*** Available data ***
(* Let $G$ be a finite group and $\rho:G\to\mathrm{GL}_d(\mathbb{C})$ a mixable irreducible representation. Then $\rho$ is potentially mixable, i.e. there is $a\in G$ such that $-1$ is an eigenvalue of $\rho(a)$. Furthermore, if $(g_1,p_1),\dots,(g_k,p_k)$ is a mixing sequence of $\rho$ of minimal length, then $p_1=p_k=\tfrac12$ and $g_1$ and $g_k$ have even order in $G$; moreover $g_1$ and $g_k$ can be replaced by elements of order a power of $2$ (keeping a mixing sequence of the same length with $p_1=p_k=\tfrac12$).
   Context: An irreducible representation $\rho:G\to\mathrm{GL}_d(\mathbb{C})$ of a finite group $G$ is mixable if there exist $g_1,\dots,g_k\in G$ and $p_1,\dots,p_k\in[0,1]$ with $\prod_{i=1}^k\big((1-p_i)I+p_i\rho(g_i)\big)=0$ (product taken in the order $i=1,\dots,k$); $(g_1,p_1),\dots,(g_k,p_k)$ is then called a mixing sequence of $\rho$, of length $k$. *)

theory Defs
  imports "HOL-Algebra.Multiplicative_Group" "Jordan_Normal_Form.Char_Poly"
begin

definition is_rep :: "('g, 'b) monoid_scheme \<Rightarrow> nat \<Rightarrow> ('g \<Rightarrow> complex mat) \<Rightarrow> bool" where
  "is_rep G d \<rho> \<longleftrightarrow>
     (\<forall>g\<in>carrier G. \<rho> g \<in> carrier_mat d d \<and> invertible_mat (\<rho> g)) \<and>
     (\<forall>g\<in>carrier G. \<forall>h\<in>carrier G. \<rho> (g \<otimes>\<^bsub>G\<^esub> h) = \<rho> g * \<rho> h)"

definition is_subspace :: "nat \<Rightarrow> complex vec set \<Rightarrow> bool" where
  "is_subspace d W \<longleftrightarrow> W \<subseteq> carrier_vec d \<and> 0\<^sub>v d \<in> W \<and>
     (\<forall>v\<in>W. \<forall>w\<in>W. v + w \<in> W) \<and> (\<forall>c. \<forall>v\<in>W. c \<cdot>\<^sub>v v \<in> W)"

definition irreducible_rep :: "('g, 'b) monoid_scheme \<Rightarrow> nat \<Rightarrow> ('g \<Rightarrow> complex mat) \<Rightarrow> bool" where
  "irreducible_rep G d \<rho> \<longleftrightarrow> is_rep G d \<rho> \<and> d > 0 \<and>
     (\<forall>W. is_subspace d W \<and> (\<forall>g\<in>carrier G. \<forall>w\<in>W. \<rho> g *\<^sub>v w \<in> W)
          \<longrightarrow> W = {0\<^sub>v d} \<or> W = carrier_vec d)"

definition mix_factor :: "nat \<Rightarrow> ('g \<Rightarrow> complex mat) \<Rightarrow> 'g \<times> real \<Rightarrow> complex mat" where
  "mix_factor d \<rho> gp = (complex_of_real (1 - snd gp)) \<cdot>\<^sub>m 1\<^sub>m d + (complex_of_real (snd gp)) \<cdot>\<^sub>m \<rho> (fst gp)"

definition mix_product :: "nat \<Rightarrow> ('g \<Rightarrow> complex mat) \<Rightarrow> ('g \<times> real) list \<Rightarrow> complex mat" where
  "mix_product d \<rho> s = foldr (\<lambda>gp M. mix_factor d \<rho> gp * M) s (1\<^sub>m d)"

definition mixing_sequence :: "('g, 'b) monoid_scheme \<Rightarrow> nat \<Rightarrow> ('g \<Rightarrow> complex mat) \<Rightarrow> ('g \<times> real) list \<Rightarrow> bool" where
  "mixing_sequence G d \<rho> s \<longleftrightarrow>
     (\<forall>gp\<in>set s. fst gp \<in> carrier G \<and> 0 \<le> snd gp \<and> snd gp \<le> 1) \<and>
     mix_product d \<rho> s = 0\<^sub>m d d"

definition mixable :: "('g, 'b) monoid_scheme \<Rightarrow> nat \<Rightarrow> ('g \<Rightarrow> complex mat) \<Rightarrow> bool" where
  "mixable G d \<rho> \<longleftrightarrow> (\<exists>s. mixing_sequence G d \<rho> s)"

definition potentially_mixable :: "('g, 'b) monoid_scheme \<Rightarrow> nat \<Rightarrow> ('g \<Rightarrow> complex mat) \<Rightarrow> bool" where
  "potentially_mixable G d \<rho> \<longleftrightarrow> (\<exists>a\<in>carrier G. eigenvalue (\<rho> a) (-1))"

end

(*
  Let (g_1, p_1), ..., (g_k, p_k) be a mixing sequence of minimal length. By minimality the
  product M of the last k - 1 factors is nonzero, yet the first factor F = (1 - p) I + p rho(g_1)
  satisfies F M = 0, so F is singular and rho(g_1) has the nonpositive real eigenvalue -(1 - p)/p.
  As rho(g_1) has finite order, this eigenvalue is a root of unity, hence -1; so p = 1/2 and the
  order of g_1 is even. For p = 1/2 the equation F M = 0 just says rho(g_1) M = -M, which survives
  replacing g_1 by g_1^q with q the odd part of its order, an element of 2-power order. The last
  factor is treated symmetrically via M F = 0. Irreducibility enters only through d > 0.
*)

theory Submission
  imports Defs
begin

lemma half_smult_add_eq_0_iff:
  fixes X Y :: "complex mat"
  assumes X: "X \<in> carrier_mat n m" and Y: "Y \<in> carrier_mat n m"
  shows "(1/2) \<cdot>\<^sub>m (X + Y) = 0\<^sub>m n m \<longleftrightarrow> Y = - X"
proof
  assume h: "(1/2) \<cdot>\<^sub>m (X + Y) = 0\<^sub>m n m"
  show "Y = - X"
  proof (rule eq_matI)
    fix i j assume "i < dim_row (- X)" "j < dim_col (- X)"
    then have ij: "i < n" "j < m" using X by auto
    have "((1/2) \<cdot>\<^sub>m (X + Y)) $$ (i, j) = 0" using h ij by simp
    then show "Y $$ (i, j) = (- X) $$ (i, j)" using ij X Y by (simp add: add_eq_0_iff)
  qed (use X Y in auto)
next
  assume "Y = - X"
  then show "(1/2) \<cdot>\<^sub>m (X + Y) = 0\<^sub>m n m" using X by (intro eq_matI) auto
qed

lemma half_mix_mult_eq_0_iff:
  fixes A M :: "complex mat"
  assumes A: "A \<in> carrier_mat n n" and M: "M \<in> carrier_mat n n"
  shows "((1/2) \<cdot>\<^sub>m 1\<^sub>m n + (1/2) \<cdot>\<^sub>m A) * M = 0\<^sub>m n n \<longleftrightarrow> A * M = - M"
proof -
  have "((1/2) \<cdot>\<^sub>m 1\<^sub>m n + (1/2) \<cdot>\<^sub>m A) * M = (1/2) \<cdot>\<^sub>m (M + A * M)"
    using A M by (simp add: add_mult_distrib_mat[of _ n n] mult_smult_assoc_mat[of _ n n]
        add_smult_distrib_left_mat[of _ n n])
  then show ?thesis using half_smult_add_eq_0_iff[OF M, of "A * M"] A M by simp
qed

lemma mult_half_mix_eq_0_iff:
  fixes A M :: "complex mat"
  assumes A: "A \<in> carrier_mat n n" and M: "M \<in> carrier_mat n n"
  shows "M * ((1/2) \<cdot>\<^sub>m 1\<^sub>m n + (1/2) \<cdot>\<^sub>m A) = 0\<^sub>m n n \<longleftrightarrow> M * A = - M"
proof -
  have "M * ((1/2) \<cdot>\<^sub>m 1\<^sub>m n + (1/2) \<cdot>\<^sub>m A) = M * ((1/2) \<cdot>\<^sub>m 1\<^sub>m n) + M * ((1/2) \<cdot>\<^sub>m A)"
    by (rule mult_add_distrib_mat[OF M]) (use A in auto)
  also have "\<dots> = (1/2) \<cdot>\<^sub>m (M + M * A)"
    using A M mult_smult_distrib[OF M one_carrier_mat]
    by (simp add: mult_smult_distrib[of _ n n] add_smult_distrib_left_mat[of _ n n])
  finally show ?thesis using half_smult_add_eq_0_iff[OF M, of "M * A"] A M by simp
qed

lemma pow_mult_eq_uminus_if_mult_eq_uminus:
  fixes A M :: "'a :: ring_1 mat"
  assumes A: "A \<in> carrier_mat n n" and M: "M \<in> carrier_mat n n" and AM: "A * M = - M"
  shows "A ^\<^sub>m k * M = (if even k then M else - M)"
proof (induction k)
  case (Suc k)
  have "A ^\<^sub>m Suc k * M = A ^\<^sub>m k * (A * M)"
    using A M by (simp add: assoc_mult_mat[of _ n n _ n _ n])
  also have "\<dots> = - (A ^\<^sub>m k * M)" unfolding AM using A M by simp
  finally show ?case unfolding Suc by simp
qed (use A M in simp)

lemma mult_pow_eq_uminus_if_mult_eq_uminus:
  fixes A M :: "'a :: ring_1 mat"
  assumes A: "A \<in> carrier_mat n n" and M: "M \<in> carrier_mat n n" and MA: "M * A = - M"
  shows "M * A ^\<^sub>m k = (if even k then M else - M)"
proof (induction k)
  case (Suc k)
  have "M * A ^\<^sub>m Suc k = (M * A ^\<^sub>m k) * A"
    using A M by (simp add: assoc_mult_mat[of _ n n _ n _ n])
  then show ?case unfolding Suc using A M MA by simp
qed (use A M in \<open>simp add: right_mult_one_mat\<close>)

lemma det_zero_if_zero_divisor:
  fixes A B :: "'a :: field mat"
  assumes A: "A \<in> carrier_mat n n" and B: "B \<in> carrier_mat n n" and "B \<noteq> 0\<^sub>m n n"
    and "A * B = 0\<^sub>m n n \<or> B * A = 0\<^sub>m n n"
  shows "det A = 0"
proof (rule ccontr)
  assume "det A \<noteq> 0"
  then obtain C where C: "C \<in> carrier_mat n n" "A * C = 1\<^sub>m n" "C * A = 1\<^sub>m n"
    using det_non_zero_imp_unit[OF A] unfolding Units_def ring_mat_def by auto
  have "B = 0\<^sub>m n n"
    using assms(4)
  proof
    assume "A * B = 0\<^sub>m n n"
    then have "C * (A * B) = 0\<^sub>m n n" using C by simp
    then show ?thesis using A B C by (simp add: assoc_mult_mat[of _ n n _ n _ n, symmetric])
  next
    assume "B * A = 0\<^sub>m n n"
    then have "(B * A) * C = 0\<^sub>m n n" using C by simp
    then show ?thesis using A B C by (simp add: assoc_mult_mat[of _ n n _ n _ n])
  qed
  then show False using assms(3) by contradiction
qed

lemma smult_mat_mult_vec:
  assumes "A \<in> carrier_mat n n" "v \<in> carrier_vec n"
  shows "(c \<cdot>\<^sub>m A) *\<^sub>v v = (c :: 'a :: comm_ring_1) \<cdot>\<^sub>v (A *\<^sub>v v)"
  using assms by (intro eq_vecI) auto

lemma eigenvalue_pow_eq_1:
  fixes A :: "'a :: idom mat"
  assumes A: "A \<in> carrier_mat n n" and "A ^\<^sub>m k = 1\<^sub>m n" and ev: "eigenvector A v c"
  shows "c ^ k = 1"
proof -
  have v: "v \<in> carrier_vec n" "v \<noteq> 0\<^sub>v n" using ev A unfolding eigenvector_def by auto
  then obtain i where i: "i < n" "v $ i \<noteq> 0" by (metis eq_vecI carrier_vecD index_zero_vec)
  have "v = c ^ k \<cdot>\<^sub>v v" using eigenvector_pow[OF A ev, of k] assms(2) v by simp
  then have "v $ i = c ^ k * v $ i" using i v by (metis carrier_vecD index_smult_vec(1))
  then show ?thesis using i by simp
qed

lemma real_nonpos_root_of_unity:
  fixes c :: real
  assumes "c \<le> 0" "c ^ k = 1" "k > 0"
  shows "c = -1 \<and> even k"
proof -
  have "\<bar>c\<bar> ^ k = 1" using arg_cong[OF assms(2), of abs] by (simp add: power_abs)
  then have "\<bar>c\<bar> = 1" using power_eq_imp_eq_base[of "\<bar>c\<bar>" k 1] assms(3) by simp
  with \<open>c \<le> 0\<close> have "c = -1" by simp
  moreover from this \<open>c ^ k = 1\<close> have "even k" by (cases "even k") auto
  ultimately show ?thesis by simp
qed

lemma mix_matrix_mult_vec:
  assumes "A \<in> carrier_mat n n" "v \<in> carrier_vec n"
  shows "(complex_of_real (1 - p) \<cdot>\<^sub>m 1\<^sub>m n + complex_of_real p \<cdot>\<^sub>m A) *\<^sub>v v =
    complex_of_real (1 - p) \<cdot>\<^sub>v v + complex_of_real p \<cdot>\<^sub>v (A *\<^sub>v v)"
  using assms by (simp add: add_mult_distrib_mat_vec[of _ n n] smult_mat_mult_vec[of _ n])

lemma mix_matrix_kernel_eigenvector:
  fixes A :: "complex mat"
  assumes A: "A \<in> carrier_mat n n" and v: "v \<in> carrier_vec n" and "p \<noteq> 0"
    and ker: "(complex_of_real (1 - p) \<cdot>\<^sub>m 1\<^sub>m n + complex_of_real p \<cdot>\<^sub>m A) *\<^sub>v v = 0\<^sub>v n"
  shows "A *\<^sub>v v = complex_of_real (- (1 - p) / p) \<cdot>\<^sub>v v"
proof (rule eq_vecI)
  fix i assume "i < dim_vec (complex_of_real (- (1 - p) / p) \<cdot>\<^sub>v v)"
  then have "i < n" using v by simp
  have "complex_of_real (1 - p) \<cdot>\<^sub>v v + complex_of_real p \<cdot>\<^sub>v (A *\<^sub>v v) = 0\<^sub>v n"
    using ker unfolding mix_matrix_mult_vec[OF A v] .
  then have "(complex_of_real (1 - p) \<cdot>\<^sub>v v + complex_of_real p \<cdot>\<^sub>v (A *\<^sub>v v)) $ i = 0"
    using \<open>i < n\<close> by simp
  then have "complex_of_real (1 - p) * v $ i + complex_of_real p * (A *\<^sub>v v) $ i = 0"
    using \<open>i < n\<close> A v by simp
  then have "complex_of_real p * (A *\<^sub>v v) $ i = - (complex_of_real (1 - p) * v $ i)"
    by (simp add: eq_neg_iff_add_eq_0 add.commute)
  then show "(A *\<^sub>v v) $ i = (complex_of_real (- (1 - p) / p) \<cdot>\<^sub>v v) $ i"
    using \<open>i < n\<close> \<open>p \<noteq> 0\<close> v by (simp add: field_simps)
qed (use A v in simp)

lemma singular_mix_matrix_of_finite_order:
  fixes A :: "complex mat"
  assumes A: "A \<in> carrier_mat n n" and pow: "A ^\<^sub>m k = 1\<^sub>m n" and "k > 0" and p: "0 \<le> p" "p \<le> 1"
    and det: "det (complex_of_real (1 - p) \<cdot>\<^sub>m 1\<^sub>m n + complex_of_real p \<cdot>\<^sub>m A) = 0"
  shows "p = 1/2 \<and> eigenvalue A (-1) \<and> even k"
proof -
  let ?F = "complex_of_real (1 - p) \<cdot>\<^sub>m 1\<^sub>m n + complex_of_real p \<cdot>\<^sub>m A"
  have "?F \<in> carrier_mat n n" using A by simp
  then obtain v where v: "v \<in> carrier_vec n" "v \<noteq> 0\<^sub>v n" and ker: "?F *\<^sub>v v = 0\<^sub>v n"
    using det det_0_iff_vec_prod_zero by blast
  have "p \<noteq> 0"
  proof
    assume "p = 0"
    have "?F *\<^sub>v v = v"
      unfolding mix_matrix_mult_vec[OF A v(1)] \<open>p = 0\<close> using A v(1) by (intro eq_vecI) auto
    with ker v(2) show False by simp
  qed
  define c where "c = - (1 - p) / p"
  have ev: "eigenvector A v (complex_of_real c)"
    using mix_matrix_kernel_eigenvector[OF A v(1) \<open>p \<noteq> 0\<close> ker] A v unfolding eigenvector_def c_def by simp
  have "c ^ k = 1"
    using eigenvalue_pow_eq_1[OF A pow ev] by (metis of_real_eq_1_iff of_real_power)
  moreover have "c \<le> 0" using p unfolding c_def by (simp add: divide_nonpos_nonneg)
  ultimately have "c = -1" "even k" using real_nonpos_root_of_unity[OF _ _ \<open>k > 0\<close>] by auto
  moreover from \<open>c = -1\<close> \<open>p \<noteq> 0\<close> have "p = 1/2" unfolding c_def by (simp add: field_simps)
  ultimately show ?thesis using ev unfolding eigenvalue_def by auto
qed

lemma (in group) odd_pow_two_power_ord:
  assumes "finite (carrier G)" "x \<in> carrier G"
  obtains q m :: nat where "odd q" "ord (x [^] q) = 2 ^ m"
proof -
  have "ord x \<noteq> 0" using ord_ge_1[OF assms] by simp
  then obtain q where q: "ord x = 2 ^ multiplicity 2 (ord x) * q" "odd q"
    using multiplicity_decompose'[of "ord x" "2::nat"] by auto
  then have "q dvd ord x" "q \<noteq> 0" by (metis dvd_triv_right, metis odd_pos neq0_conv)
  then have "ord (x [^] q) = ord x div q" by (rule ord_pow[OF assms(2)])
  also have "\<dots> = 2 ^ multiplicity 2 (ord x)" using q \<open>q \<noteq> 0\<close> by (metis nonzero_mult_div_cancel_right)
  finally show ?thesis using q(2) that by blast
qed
*** End of Available data ***
= What to do =
Reproduce exactly the final stretch of the listing, starting at the line that contains "with ker v(2) show False by simp" and ending with the last line.

= Result below =
    with ker v(2) show False by simp
  qed
  define c where "c = - (1 - p) / p"
  have ev: "eigenvector A v (complex_of_real c)"
    using mix_matrix_kernel_eigenvector[OF A v(1) \<open>p \<noteq> 0\<close> ker] A v unfolding eigenvector_def c_def by simp
  have "c ^ k = 1"
    using eigenvalue_pow_eq_1[OF A pow ev] by (metis of_real_eq_1_iff of_real_power)
  moreover have "c \<le> 0" using p unfolding c_def by (simp add: divide_nonpos_nonneg)
  ultimately have "c = -1" "even k" using real_nonpos_root_of_unity[OF _ _ \<open>k > 0\<close>] by auto
  moreover from \<open>c = -1\<close> \<open>p \<noteq> 0\<close> have "p = 1/2" unfolding c_def by (simp add: field_simps)
  ultimately show ?thesis using ev unfolding eigenvalue_def by auto
qed

lemma (in group) odd_pow_two_power_ord:
  assumes "finite (carrier G)" "x \<in> carrier G"
  obtains q m :: nat where "odd q" "ord (x [^] q) = 2 ^ m"
proof -
  have "ord x \<noteq> 0" using ord_ge_1[OF assms] by simp
  then obtain q where q: "ord x = 2 ^ multiplicity 2 (ord x) * q" "odd q"
    using multiplicity_decompose'[of "ord x" "2::nat"] by auto
  then have "q dvd ord x" "q \<noteq> 0" by (metis dvd_triv_right, metis odd_pos neq0_conv)
  then have "ord (x [^] q) = ord x div q" by (rule ord_pow[OF assms(2)])
  also have "\<dots> = 2 ^ multiplicity 2 (ord x)" using q \<open>q \<noteq> 0\<close> by (metis nonzero_mult_div_cancel_right)
  finally show ?thesis using q(2) that by blast
qed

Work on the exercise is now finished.